The fact is, automation isn’t going away. In fact, we’re seeing this technology that in its infancy was only capable of handling simple, repetitive tasks now infiltrating even high-level jobs that would once have been considered off-limits. For instance, rather than making an appointment with your financial advisor, you can now rely instead on software algorithms for investment guidance at a fraction of the cost. And with Gartner predicting that 1/3 of all jobs will be replaced by automation and smart machines by the year 2025, it’s only going to get more complicated.
So, then, it only stands to reason that people in every industry and at every level should not only be aware of what intelligent automation is, but how and when it will ultimately affect them in the end. In simplest of terms, this technology involves the automation of business processes that were once performed by humans. It can be applied to basic, rules-based activities, such as data entry or assembly work. Or, as mentioned in the above example, it can also be used to automate and streamline even high-level, complex tasks and workflows.
What does this mean to the human workforce? Will people have no choice but to sit back, wait and watch as robots take over their jobs and render them obsolete? Considering Gartner’s prediction, it’s obvious that some jobs will, indeed, be eliminated. How many? Well, there are plenty of estimations, but according to a recent Forrester report, we may be looking at the elimination of 9% of jobs in the US alone.
But that doesn’t mean that humans will cease to exist in the future workplace. To the contrary, many experts predict that the workplace of tomorrow will involve the peaceful coexistence of machine and personnel. In fact, Deloitte predicts that the adoption of intelligent automation will actually create some 3.5 million new jobs.

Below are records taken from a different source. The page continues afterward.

lemma flowD_small_denom_negative_gap:
  assumes x: "x \<in> flowD V E tail head \<gamma> u" "0 < denom E head \<gamma> u x"
      "cost E c x \<le> \<delta> * denom E head \<gamma> u x"
    and x': "x' \<in> flowD V E tail head \<gamma> u" "denom E head \<gamma> u x' \<le> 0"
      "cost E c x' < \<delta> * denom E head \<gamma> u x'"
  shows "\<exists>m>0. \<forall>\<epsilon>. 0 < \<epsilon> \<and> \<epsilon> \<le> denom E head \<gamma> u x / 2 \<longrightarrow>
           (\<exists>y\<in>flowD V E tail head \<gamma> u. denom E head \<gamma> u y = \<epsilon> \<and> cost E c y - \<delta> * \<epsilon> \<le> - m)"
proof -
  define a where "a = denom E head \<gamma> u x"
  define k where "k = a - denom E head \<gamma> u x'"
  define g where "g = cost E c x' - \<delta> * denom E head \<gamma> u x'"
  define m where "m = - (a / (2 * k) * g)"
  have "0 < a" "0 < k" "a \<le> k" "g < 0"
    using x x' unfolding a_def k_def g_def by auto
  have "0 < m"
  proof -
    have "0 < a / (2 * k)"
      using \<open>0 < a\<close> \<open>0 < k\<close> by simp
    then show ?thesis
      using mult_pos_neg[of "a / (2 * k)" g] \<open>g < 0\<close> unfolding m_def by linarith
  qed
  moreover have "\<exists>y\<in>flowD V E tail head \<gamma> u. denom E head \<gamma> u y = \<epsilon> \<and> cost E c y - \<delta> * \<epsilon> \<le> - m"
    if "0 < \<epsilon> \<and> \<epsilon> \<le> a / 2" for \<epsilon>
  proof -
    define t where "t = (a - \<epsilon>) / k"
    have "0 \<le> t" "t \<le> 1"
      using that \<open>0 < k\<close> \<open>a \<le> k\<close> unfolding t_def by (auto simp: field_simps)
    have "a / (2 * k) \<le> t"
      using that \<open>0 < k\<close> unfolding t_def by (auto simp: field_simps)
    define y where "y = flow_mix t x x'"
    have "y \<in> flowD V E tail head \<gamma> u"
      unfolding y_def using flow_mix_in_flowD[OF x(1) x'(1) \<open>0 \<le> t\<close> \<open>t \<le> 1\<close>] .
    moreover have "denom E head \<gamma> u y = \<epsilon>"
    proof -
      have "denom E head \<gamma> u y = a - t * k"
        unfolding y_def denom_flow_mix a_def k_def by (simp add: algebra_simps)
      then show ?thesis
        using \<open>0 < k\<close> by (simp add: t_def)
    qed
    moreover have "cost E c y - \<delta> * \<epsilon> = (1 - t) * (cost E c x - \<delta> * a) + t * g"
      unfolding \<open>denom E head \<gamma> u y = \<epsilon>\<close>[symmetric] y_def cost_flow_mix denom_flow_mix a_def g_def
      by (simp add: algebra_simps)
    moreover have "(1 - t) * (cost E c x - \<delta> * a) \<le> 0"
      using x(3) \<open>t \<le> 1\<close> unfolding a_def by (simp add: mult_nonneg_nonpos)
    moreover have "t * g \<le> - m"
      using mult_right_mono_neg[OF \<open>a / (2 * k) \<le> t\<close>, of g] \<open>g < 0\<close> unfolding m_def by simp
    ultimately show ?thesis
      by auto
  qed
  ultimately show ?thesis
    unfolding a_def[symmetric] by blast
qed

Finally, it’s important to remember that while most of us accept and even embrace automated technology in our day to day lives (think ATM machines, IVRs and other self-service options), there will always be a place for the human touch, especially in the area of customer experience. Intelligent automation can eliminate the day-to-day drudgery and free up front-line personnel to become better critical problem solvers and relationship builders. In reality, customer service will likely never be completely outsourced to robots. It can, should and will, however, be influenced, supported and enhanced by automation technology.